The Philippine economy is built on remittances from overseas Filipino workers, who contributed US$33 billion to the country’s US$400 billion GDP in 2017. However, the country’s financial literacy is ironically low. Access to financial services is not universal, with the Bangko Sentral ng Pilipinas (BSP), the country’s central bank and financial regulator, estimating that 10% of local government units remain unbanked. Despite being the third-largest country for remittance inflow, Philippine remittance costs are high compared to the global average estimated by the World Bank, at 7.4% for every US$200.
It is in this context that cryptocurrency usage in the Philippines has grown. Yet the volatility inherent in a decentralized currency has given rise to concerns that cryptocurrency may be used to defraud financially illiterate Filipinos. Moreover, that cryptocurrencies were designed precisely to circumvent global governmental regulation poses serious challenges for a country that has only recently skirted the money laundering blacklist and is beset by terrorism-financing propensities.

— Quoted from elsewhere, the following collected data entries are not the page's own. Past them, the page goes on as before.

lemma admissible_row:
  assumes y: "young_in_rect n k lam" and k: "1 \<le> k" "k \<le> n - 1"
    and i: "1 \<le> i" "i \<le> length lam"
    and rest: "admissible n (path_state n k lam i (lam ! (i - 1) + 1)) (rows_steps k lam (Suc i))"
  shows "1 \<le> j \<Longrightarrow> j \<le> lam ! (i - 1) + 1 \<Longrightarrow>
    admissible n (path_state n k lam i j) (row_steps k lam i j @ rows_steps k lam (Suc i))"
proof (induction "lam ! (i - 1) + 1 - j" arbitrary: j)
  case 0
  then show ?case using rest by (simp add: row_steps_def)
next
  case (Suc m)
  then have j: "1 \<le> j" "j \<le> lam ! (i - 1)" by auto
  define t where "t = k + j - i"
  have t: "1 \<le> t" "t < n"
    unfolding t_def using site_bounds[OF y k i j] by auto
  note P = plus_positions_step[OF y i j, folded t_def]
  have "path_state n k lam i j ! (t - 1)" "\<not> path_state n k lam i j ! t"
    using P(1,2) t by (simp_all add: path_state_def nth_indicator_list)
  moreover have "s_act t (path_state n k lam i j) = path_state n k lam i (Suc j)"
    unfolding path_state_def P(3) using s_act_indicator_list[OF t P(1,2)] .
  moreover have "1 \<le> rr lam i j"
    using rr_ge_Suc_right[of lam i j] i j by (simp add: in_diag_def)
  moreover have "admissible n (path_state n k lam i (Suc j))
      (row_steps k lam i (Suc j) @ rows_steps k lam (Suc i))"
    using Suc by simp
  ultimately show ?case
    using t drift_bound[OF y i j refl] unfolding row_steps_Cons[OF j(2)] t_def by simp
qed

lemma admissible_rows_steps:
  assumes y: "young_in_rect n k lam" and k: "1 \<le> k" "k \<le> n - 1"
  shows "1 \<le> i \<Longrightarrow> i \<le> length lam + 1 \<Longrightarrow> admissible n (path_state n k lam i 1) (rows_steps k lam i)"
proof (induction "length lam + 1 - i" arbitrary: i)
  case 0
  then show ?case by (simp add: rows_steps_Nil)
next
  case (Suc m)
  then have i: "1 \<le> i" "i \<le> length lam" by auto
  have "admissible n (path_state n k lam (Suc i) 1) (rows_steps k lam (Suc i))"
    using Suc by simp
  then show ?case
    using admissible_row[OF y k i, of 1] plus_positions_next_row[OF i]
    unfolding rows_steps_Cons[OF i(2)] path_state_def by simp
qed

theorem mainTheorem4:
  fixes n k :: nat and lam :: "nat list"
  assumes "1 \<le> k" and "k \<le> n - 1"
    and "young_in_rect n k lam"
  shows "\<exists>f :: bool list \<Rightarrow> qv. (\<forall>e\<in>seqs n k. vanishes_at_0 (f e)) \<and>
           X_act n k lam (bvec (one_seq n k)) =
             (\<lambda>d. bvec (w_act k lam (one_seq n k)) d + (\<Sum>e\<in>seqs n k. f e * bvec e d))"
proof -
  let ?one = "one_seq n k" and ?steps = "rows_steps k lam 1"
  have one: "?one \<in> seqs n k"
    using assms(2) by (simp add: seqs_def one_seq_def)
  have "admissible n ?one ?steps"
    using admissible_rows_steps[OF assms(3,1,2), of 1]
      indicator_list_plus_positions_1_1[of k n lam] assms(2)
    by (simp add: path_state_def)
  moreover have "has_leading_term n k (map fst ?steps) (bvec ?one) ?one"
    using one by (auto simp: has_leading_term_def bvec_def v_order_ge_0)
  ultimately have "has_leading_term n k [] (X_act n k lam (bvec ?one)) (w_act k lam ?one)"
    unfolding X_act_eq_fold w_act_eq_fold by (rule has_leading_term_fold)
  then show ?thesis
    by (rule has_leading_term_expansion)
qed

end
lemma lambda_min_Umat_pos:
  assumes "0 < k1" "0 < k2" "beta_crit k1 k2 < b" "b \<le> 1"
  shows "0 < lambda_min (Umat k1 k2 b)"
proof -
  have "0 < det_Umat k1 k2 b"
    unfolding det_Umat_quadratic
  proof (rule concave_quadratic_pos_between[where x = "beta_crit k1 k2" and y = 1])
    show "0 \<le> (- ((k1\<^sup>2 - 1)\<^sup>2)) * (beta_crit k1 k2)\<^sup>2 + 2 * (k1 ^ 4 + 2 * k1 * k2 + 1) * beta_crit k1 k2
        + (- ((1 + k1\<^sup>2)\<^sup>2))"
      using det_Umat_beta_crit[OF assms(1,2)] unfolding det_Umat_quadratic by simp
    have at_one: "(- ((k1\<^sup>2 - 1)\<^sup>2)) * 1\<^sup>2 + 2 * (k1 ^ 4 + 2 * k1 * k2 + 1) * 1 + (- ((1 + k1\<^sup>2)\<^sup>2))
        = 4 * k1 * k2"
      by (simp add: power2_eq_square power4_eq_xxxx algebra_simps)
    show "0 < (- ((k1\<^sup>2 - 1)\<^sup>2)) * 1\<^sup>2 + 2 * (k1 ^ 4 + 2 * k1 * k2 + 1) * 1 + (- ((1 + k1\<^sup>2)\<^sup>2))"
      unfolding at_one using assms by simp
  qed (use assms in auto)
  have "0 < b"
  proof (rule ccontr)
    assume "\<not> 0 < b"
    have "0 < k1 ^ 4 + 2 * k1 * k2 + 1" using assms by (intro add_nonneg_pos add_nonneg_nonneg) auto
    then have "2 * (k1 ^ 4 + 2 * k1 * k2 + 1) * b \<le> 0"
      using \<open>\<not> 0 < b\<close> by (intro mult_nonneg_nonpos) auto
    moreover have "(- ((k1\<^sup>2 - 1)\<^sup>2)) * b\<^sup>2 \<le> 0" "- ((1 + k1\<^sup>2)\<^sup>2) \<le> 0" by simp_all
    ultimately have "det_Umat k1 k2 b \<le> 0" unfolding det_Umat_quadratic by linarith
    with \<open>0 < det_Umat k1 k2 b\<close> show False by simp
  qed
  show ?thesis unfolding Umat_def
  proof (rule lambda_min_block_op_pos)
    show "0 < 2 * (k1 + k1\<^sup>2 * k2) * b" using assms \<open>0 < b\<close> by (intro mult_pos_pos add_pos_pos) auto
    show "((k1\<^sup>2 + 2 * k1 * k2 + 1) * b - k1\<^sup>2 - 1)\<^sup>2 < 2 * (k1 + k1\<^sup>2 * k2) * b * (2 * ((k1 + k2) * b - k1))"
      using \<open>0 < det_Umat k1 k2 b\<close> unfolding det_Umat_def by simp
  qed
qed
(* Let $K=2$ and suppose that for every horizon $T$ (a multiple of $100$) a valid pair $(\eta,\gamma)=(\eta_T,\gamma_T)$ in the non-trivial regime is chosen. Then there exist a constant $c>0$ and $T_0$ such that for all $T\ge T_0$, WSU-UX run with $(\eta_T,\gamma_T)$ on the two-phase loss sequence satisfies $\mathbb{E}[\mathcal R_T]\ge c\,T^{2/3}$.
   Context: WSU-UX. Fix integers $K\ge 2$ and $T\ge 1$ and hyperparameters $\eta,\gamma$. The pair $(\eta,\gamma)$ is called valid if $\eta,\gamma\in(0,1/2)$ and $\eta K/\gamma\le 1/2$. Given a fixed loss sequence $\ell_t\in[0,1]^K$, WSU-UX sets $\pi_{1,i}=1/K$ and in each round $t$: forms $\tilde\pi_{t,i}=(1-\gamma)\pi_{t,i}+\gamma/K$; draws $I_t$ with $\Pr(I_t=i\mid\mathcal F_{t-1})=\tilde\pi_{t,i}$; sets $\hat\ell_{t,i}=\ell_{t,i}\mathbf 1[I_t=i]/\tilde\pi_{t,i}$; and updates $\pi_{t+1,i}=\pi_{t,i}\bigl(1-\eta(\hat\ell_{t,i}-\sum_{j}\pi_{t,j}\hat\ell_{t,j})\bigr)$; $\mathcal F_t$ is the history generated by $I_1,\dots,I_t$. The regret is $\mathbb{E}[\mathcal R_T]=\mathbb{E}[\sum_{t}\sum_{j}\tilde\pi_{t,j}\ell_{t,j}]-\min_i\sum_t\ell_{t,i}$. Non-trivial regime: $\eta\ge T^{-2/3}$ and $\gamma\le T^{-1/3}$. Two-phase loss sequence ($K=2$, $T$ a multiple of $100$, $T_1=T/100$): $\ell_{t,1}=1,\ell_{t,2}=0$ for $1\le t\le T_1$ and $\ell_{t,1}=0,\ell_{t,2}=1$ for $T_1<t\le T$. *)

theory Defs
  imports Complex_Main
begin

text \<open>Arms are indexed 0..K-1 (arm i of the paper is index i-1). Rounds are 1..T.
  A loss sequence is a function ell t i (round t, arm i).
  Histories are lists of chosen arms stored in REVERSE chronological order
  (the head is the most recent arm).\<close>

definition valid_pair :: "nat \<Rightarrow> real \<Rightarrow> real \<Rightarrow> bool" where
  "valid_pair K \<eta> \<gamma> \<longleftrightarrow> 0 < \<eta> \<and> \<eta> < 1/2 \<and> 0 < \<gamma> \<and> \<gamma> < 1/2 \<and> \<eta> * real K / \<gamma> \<le> 1/2"

definition wsu_mix :: "nat \<Rightarrow> real \<Rightarrow> (nat \<Rightarrow> real) \<Rightarrow> nat \<Rightarrow> real" where
  "wsu_mix K \<gamma> p i = (1 - \<gamma>) * p i + \<gamma> / real K"

definition wsu_est :: "nat \<Rightarrow> real \<Rightarrow> (nat \<Rightarrow> real) \<Rightarrow> (nat \<Rightarrow> real) \<Rightarrow> nat \<Rightarrow> nat \<Rightarrow> real" where
  "wsu_est K \<gamma> p l a i = (if i = a then l i / wsu_mix K \<gamma> p i else 0)"

definition wsu_update :: "nat \<Rightarrow> real \<Rightarrow> real \<Rightarrow> (nat \<Rightarrow> real) \<Rightarrow> (nat \<Rightarrow> real) \<Rightarrow> nat \<Rightarrow> nat \<Rightarrow> real" where
  "wsu_update K \<eta> \<gamma> p l a i =
     p i * (1 - \<eta> * (wsu_est K \<gamma> p l a i - (\<Sum>j<K. p j * wsu_est K \<gamma> p l a j)))"
lemma mvs_separator_core:
  assumes "vertex_separator V E s t A"
  shows "mvs V E s t (separator_core E s t A)"
  unfolding mvs_iff_private_walks
proof (intro conjI ballI)
  let ?F = "first_hits E s A"
  have "separator_core E s t A \<subseteq> A"
    unfolding separator_core_def by (rule subset_trans[OF last_hits_subset first_hits_subset])
  moreover have "set xs \<inter> separator_core E s t A \<noteq> {}" if "walk_from_to E s t xs" for xs
  proof -
    have "set xs \<inter> A \<noteq> {}" using that assms unfolding vertex_separator_def by blast
    then have "set xs \<inter> ?F \<noteq> {}" using that by (rule walk_meets_first_hits[rotated])
    then show ?thesis using that unfolding separator_core_def by (rule walk_meets_last_hits[rotated])
  qed
  ultimately show "vertex_separator V E s t (separator_core E s t A)"
    using assms unfolding vertex_separator_def by blast
  fix x assume "x \<in> separator_core E s t A"
  then obtain q where "x \<in> ?F" and q: "walk_from_to E x t q" "set q \<inter> ?F \<subseteq> {x}"
    unfolding separator_core_def last_hits_def by blast
  then obtain p where p: "walk_from_to E s x p" "set p \<inter> A \<subseteq> {x}"
    unfolding first_hits_def by blast
  have "set (p @ tl q) \<subseteq> set p \<union> set q" by (cases q) auto
  then have "set (p @ tl q) \<inter> ?F \<subseteq> {x}" using p(2) q(2) first_hits_subset[of E s A] by blast
  then have "set (p @ tl q) \<inter> separator_core E s t A \<subseteq> {x}"
    using last_hits_subset[of E t ?F] unfolding separator_core_def by blast
  with walk_from_to_append[OF p(1) q(1)]
  show "\<exists>xs. walk_from_to E s t xs \<and> set xs \<inter> separator_core E s t A \<subseteq> {x}" by blast
qed
theorem theorem1:
  fixes V :: "'a set" and E :: "'a set set" and k :: nat
  assumes "simple_graph V E"
    and "k \<ge> 1"
    and "degenerate k V E"
    and "k \<le> max_degree V E"
  shows "int (strong_chromatic_index E)
           \<le> (4 * int k - 2) * int (max_degree V E) - 2 * (int k)^2 + 1"
proof -
  define D where "D = max_degree V E"
  have kD: "k \<le> D" using assms(4) by (simp add: D_def)
  define M where "M = (4 * int k - 2) * int D - 2 * (int k)^2"
  obtain r where r: "inj_on r V" "\<forall>v\<in>V. card (lower_nbrs V E r v) \<le> k"
    using degeneracy_ordering_on[OF assms(1,3) order_refl] by blast
  interpret degeneracy_ordered_graph V E r k D
    using assms(1) r degree_le_max_degree by unfold_locales (auto simp: D_def simple_graph_def)
  have "\<exists>c. strong_edge_coloring E c (Suc (nat M))"
    unfolding strong_edge_coloring_def
  proof (rule greedy_coloring[OF finite_edges])
    fix S assume "S \<subseteq> E" "S \<noteq> {}"
    then obtain e where "e \<in> S" "int (card {f \<in> S. strong_conflict E e f}) \<le> M"
      using exists_edge_few_conflicts[OF assms(2) kD] unfolding M_def by blast
    then show "\<exists>e\<in>S. card {f \<in> S. strong_conflict E e f} \<le> nat M"
      by (auto simp: le_nat_iff)
  qed (auto simp: symp_def irreflp_def intro: strong_conflict_sym, simp add: strong_conflict_def)
  then have "strong_chromatic_index E \<le> Suc (nat M)"
    using strong_chromatic_index_le by blast
  moreover have "0 \<le> M" unfolding M_def using assms(2) kD by (rule strong_conflict_bound_nonneg)
  ultimately show ?thesis unfolding M_def D_def by linarith
qed

end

Hence, Philippine regulators are faced with a unique quandary arising from a conflict between, on one hand, allowing access to financial services through cryptocurrencies and, on the other, preventing the Philippines from becoming a hotbed of money laundering, terrorism financing and cybercrime. Notwithstanding the essential difficulties in regulating cryptocurrencies, Philippine regulators have embarked on initiatives to balance these policies.